# Extracting Features from Heatmaps

## Introduction

This is the first of three notebooks about the CAMELYON17 challenge. In this challenge, the task is to predict a patients pN-stage (pN0, pn0(i+), pNmi, pN1 and pN2). The pN-stage is determined by the lables of the five slides corresponding to the patient. Once the lables of the individual slides are known (negative, itc, micro, macro), the patient's pN-stage can be looked up in a table (see the official CAMELYON17 website). So the real difficulty of the challenge is to predict the labels of the slides.

Unfortunately the training data here is very limited as we have only 500 slides from the CAMELYON17 training set and 130 labled slides from the CAMELYON16 test set (labled with negative, itc, micro, macro). So opposed to the task of the CAMELYON16 challenged where we had thousands of tiles and only two different labels (normal and tumor), we will not be able to supply another CNN model with sufficient data. Even worse, for the itc class, we only have 35 examples in total.

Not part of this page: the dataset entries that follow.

(* Let $m$ be a positive integer with $m\neq2^\beta$ for every integer $\beta\ge0$, let $T=2^{\lceil\lg m\rceil}-m-1$, and let $i\ge0$ be an integer. If $\varepsilon$ is a real number with $\frac{T+1}{2}+\frac{im}{2}\le\varepsilon<\frac{T+1}{2}+\frac{(i+1)m}{2}$, then $\ell_m(\varepsilon)=2+i+\lfloor\lg m\rfloor$.
   Context: $\lg$ denotes $\log_2$. The generalized Rice mapping $M:\mathbb{R}\to\mathbb{Z}_{\ge0}$ is $M(\varepsilon)=\lfloor 2\varepsilon\rfloor$ if $\varepsilon\ge0$ and $M(\varepsilon)=-\lfloor2\varepsilon\rfloor-1$ if $\varepsilon<0$. For a positive integer $m$, the Golomb codeword of a non-negative integer $N$ consists of $j=\lfloor N/m\rfloor$ in unary ($j+1$ bits) followed by $k=N\bmod m$ in minimal binary, which uses $\lfloor\lg m\rfloor$ bits if $k<2^{\lceil\lg m\rceil}-m$ and $\lceil\lg m\rceil$ bits otherwise; $\lambda_m(N)$ is the total number of bits. The code length of a real residual $\varepsilon$ is $\ell_m(\varepsilon)=\lambda_m(M(\varepsilon))$. *)

theory Defs
  imports Complex_Main
begin

definition rice_map :: "real \<Rightarrow> nat" where
  "rice_map \<epsilon> = (if \<epsilon> \<ge> 0 then nat \<lfloor>2 * \<epsilon>\<rfloor> else nat (- \<lfloor>2 * \<epsilon>\<rfloor> - 1))"

definition flg :: "nat \<Rightarrow> nat" where
  "flg m = nat \<lfloor>log 2 (real m)\<rfloor>"

definition clg :: "nat \<Rightarrow> nat" where
  "clg m = nat \<lceil>log 2 (real m)\<rceil>"

definition golomb_len :: "nat \<Rightarrow> nat \<Rightarrow> nat" where
  "golomb_len m N = (let j = N div m; k = N mod m in
     (j + 1) + (if k < 2 ^ clg m - m then flg m else clg m))"

definition code_len :: "nat \<Rightarrow> real \<Rightarrow> nat" where
  "code_len m \<epsilon> = golomb_len m (rice_map \<epsilon>)"

end

theory Submission
  imports Defs
begin

text \<open>With \<open>f = \<lfloor>lg m\<rfloor>\<close> and \<open>A = 2^(f+1) - m = T + 1\<close>, the interval for \<open>\<epsilon>\<close> says exactly
  that \<open>N = M(\<epsilon>) = \<lfloor>2\<epsilon>\<rfloor>\<close> lies in \<open>[A + i m, A + (i+1) m)\<close>. Such an \<open>N\<close> either falls in
  block \<open>i\<close> with remainder \<open>\<ge> A\<close> (unary part \<open>i + 1\<close>, long binary part \<open>f + 1\<close>) or in
  block \<open>i + 1\<close> with remainder \<open>< A\<close> (unary part \<open>i + 2\<close>, short binary part \<open>f\<close>); both
  give \<open>i + f + 2\<close> bits.\<close>

lemma flg_eq:
  assumes "2 ^ f \<le> m" "m < 2 ^ Suc f"
  shows "flg m = f"
proof -
  have "\<lfloor>log 2 (real m)\<rfloor> = int f"
    using floor_log_nat_eq_powr_iff[of 2 m f] assms by (simp add: powr_realpow)
  then show ?thesis unfolding flg_def by simp
qed

lemma clg_eq:
  assumes "2 ^ f < m" "m \<le> 2 ^ Suc f"
  shows "clg m = Suc f"
proof -
  have "\<lceil>log 2 (real m)\<rceil> = int f + 1"
    using ceiling_log_nat_eq_powr_iff[of 2 m f] assms by simp
  then show ?thesis unfolding clg_def by simp
qed

lemma rice_map_nonneg:
  assumes "0 \<le> \<epsilon>"
  shows "int (rice_map \<epsilon>) = \<lfloor>2 * \<epsilon>\<rfloor>"
  using assms unfolding rice_map_def by simp

lemma golomb_len_mult_add:
  assumes "k < m"
  shows "golomb_len m (j * m + k) = Suc j + (if k < 2 ^ clg m - m then flg m else clg m)"
  using assms unfolding golomb_len_def Let_def by simp

lemma golomb_len_shifted_block:
  assumes clg: "clg m = Suc (flg m)" and short: "2 ^ clg m \<le> 2 * m"
    and lo: "2 ^ clg m - m + i * m \<le> N" and hi: "N < 2 ^ clg m - m + Suc i * m"
  shows "golomb_len m N = 2 + i + flg m"
proof -
  define A where "A = 2 ^ clg m - m"
  define r where "r = N - (A + i * m)"
  have N: "N = A + i * m + r" and "r < m"
    using lo hi unfolding r_def A_def by auto
  show ?thesis
  proof (cases "A + r < m")
    case True
    have "N = i * m + (A + r)" using N by simp
    with True have "golomb_len m N = Suc i + clg m"
      using golomb_len_mult_add[of "A + r" m i] by (simp add: A_def)
    then show ?thesis using clg by simp
  next
    case False
    define k where "k = A + r - m"
    have "A \<le> m" using short unfolding A_def by simp
    then have "k < A" "k < m" "N = Suc i * m + k"
      using N \<open>r < m\<close> False unfolding k_def by auto
    then show ?thesis
      using golomb_len_mult_add[of k m "Suc i", folded A_def] by simp
  qed
qed

theorem lemma1:
  fixes m i :: nat and \<epsilon> :: real and T :: int
  assumes "m > 0"
    and "\<forall>\<beta>::nat. m \<noteq> 2 ^ \<beta>"
    and "T = 2 ^ clg m - int m - 1"
    and "(real_of_int T + 1) / 2 + real i * real m / 2 \<le> \<epsilon>"
    and "\<epsilon> < (real_of_int T + 1) / 2 + real (i + 1) * real m / 2"
  shows "code_len m \<epsilon> = 2 + i + flg m"
proof -
  obtain f where "2 ^ f \<le> m" "m < 2 ^ Suc f"
    using ex_power_ivl1[of 2 m] assms(1) by auto
  moreover have "2 ^ f \<noteq> m" using assms(2) by blast
  ultimately have flg: "flg m = f" and clg: "clg m = Suc f"
    using flg_eq clg_eq by auto
  define A where "A = 2 ^ clg m - m"
  have "real_of_int T + 1 = real A"
    using assms(3) clg \<open>m < 2 ^ Suc f\<close> unfolding A_def by (simp add: of_nat_diff)
  then have lo: "real (A + i * m) \<le> 2 * \<epsilon>" and hi: "2 * \<epsilon> < real (A + Suc i * m)"
    using assms(4,5) by (simp_all add: field_simps)
  then have N: "int (rice_map \<epsilon>) = \<lfloor>2 * \<epsilon>\<rfloor>"
    by (intro rice_map_nonneg) linarith
  have "A + i * m \<le> rice_map \<epsilon>" "rice_map \<epsilon> < A + Suc i * m"
  proof -
    have "int (A + i * m) \<le> \<lfloor>2 * \<epsilon>\<rfloor>" "\<lfloor>2 * \<epsilon>\<rfloor> < int (A + Suc i * m)"
      using lo hi by (simp_all only: le_floor_iff floor_less_iff of_int_of_nat_eq)
    then show "A + i * m \<le> rice_map \<epsilon>" "rice_map \<epsilon> < A + Suc i * m"
      using N by linarith+
  qed
  moreover have "2 ^ clg m \<le> 2 * m" using clg \<open>2 ^ f \<le> m\<close> by simp
  ultimately show ?thesis
    unfolding code_len_def using golomb_len_shifted_block clg flg A_def by simp
qed

end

To tackle this problem, our approach is to make use of domain specific knowledge and extract geoemtrical features from the heatmaps, which can be used to train a less complex model, e.g, a decision tree.

## Requirements

### Python-Modules

# External Modules
import numpy as np
import pandas as pd
import os

from matplotlib import pyplot as plt
from skimage import data
from scipy import ndimage
from skimage.measure import regionprops

%matplotlib inline

### Data

In this notebook you will be provided with heatmaps of slides of the CAMELYON16 test set and the CAMELYON17 set. Using them has some advantages over the heatmaps you might have created in the last notebook:

• You will not have to download the CAMELYON17 data set (~2.7 tera bytes).
• The heatmaps you will be provided with are a lot more accurate:

• They were created with a far superior model.
• The model did not only use zoom level 2. Instead two CNNs were trained. One on level 0 and one on level 1.
• As a consequence of the higher zoom, they also have a higher resolution.
• The CNNs' architecture was a more sophisticated one, the Inception v4 architecture (for details see [SZE17]).
• Algorithm for advanced (domain specific) color normalization was applied [BEJ16].
• All kinds of data augmentation were used.
• The CNNs were trained on two Geforce Titan X GPUs for over 2 weeks.

### Background

Short:

The heatmaps of the sldies were created with a CNN. Each heatmap represents a Whole-Slide-Image (WSI) of tissue. A WSI is approximately 200.000 x 100.000 pixels big. Each slide was cut into 256 x 256 pixel tiles. The CNN was trained to predict these tiles whether they contain tumorous tissue or not. One pixel of the provided heatmaps represents the prediction of the CNN of one 256 x 256 tile.

Long:

For more information have a look at the deepTEACHING website, or the official homepage of the CAMEYLON Challenge.

• HEATMAP_DIR
• PATH_C16_LABELS
• PATH_C17_LABELS
• HEATMAP_DIR
### EDIT THIS CELL:
### Assign the path to your CAMELYON16 data and create the directories
### if they do not exist yet.
CAM_BASE_DIR = '/path/to/CAMELYON/data/'
GENERATED_DATA = CAM_BASE_DIR + 'tutorial/'
HEATMAP_DIR = CAM_BASE_DIR + 'c16traintest_c17traintest_heatmaps_grey/'

# CAMELYON16 and 17 ground truth labels
PATH_C16_LABELS = CAM_BASE_DIR + 'CAMELYON16/test/Ground_Truth/reference.csv'
PATH_C17_LABELS = CAM_BASE_DIR + 'CAMELYON17/training/stage_labels.csv'

# Just one test slide for testing
HEATMAP_Test_001 = HEATMAP_DIR + 'Test_001.png'

## Teaching Content

To get a first impression of the heatmaps, we will first load and view one. A pixels value describes the "degree of believe" of the CNNs, the region contains tumorous tissue (1.0) or not (0.0).

# Load 'Test_001.png'

# View the dimensions
print(example_heatmap_grey.shape)

# View min / max values
print(example_heatmap_grey.min())
print(example_heatmap_grey.max())
# View as greyscale

axs = plt.subplot()
plt.imshow(example_heatmap_grey,cmap=plt.get_cmap('Greys_r'))
# View as heatmap (just for visualization purpose)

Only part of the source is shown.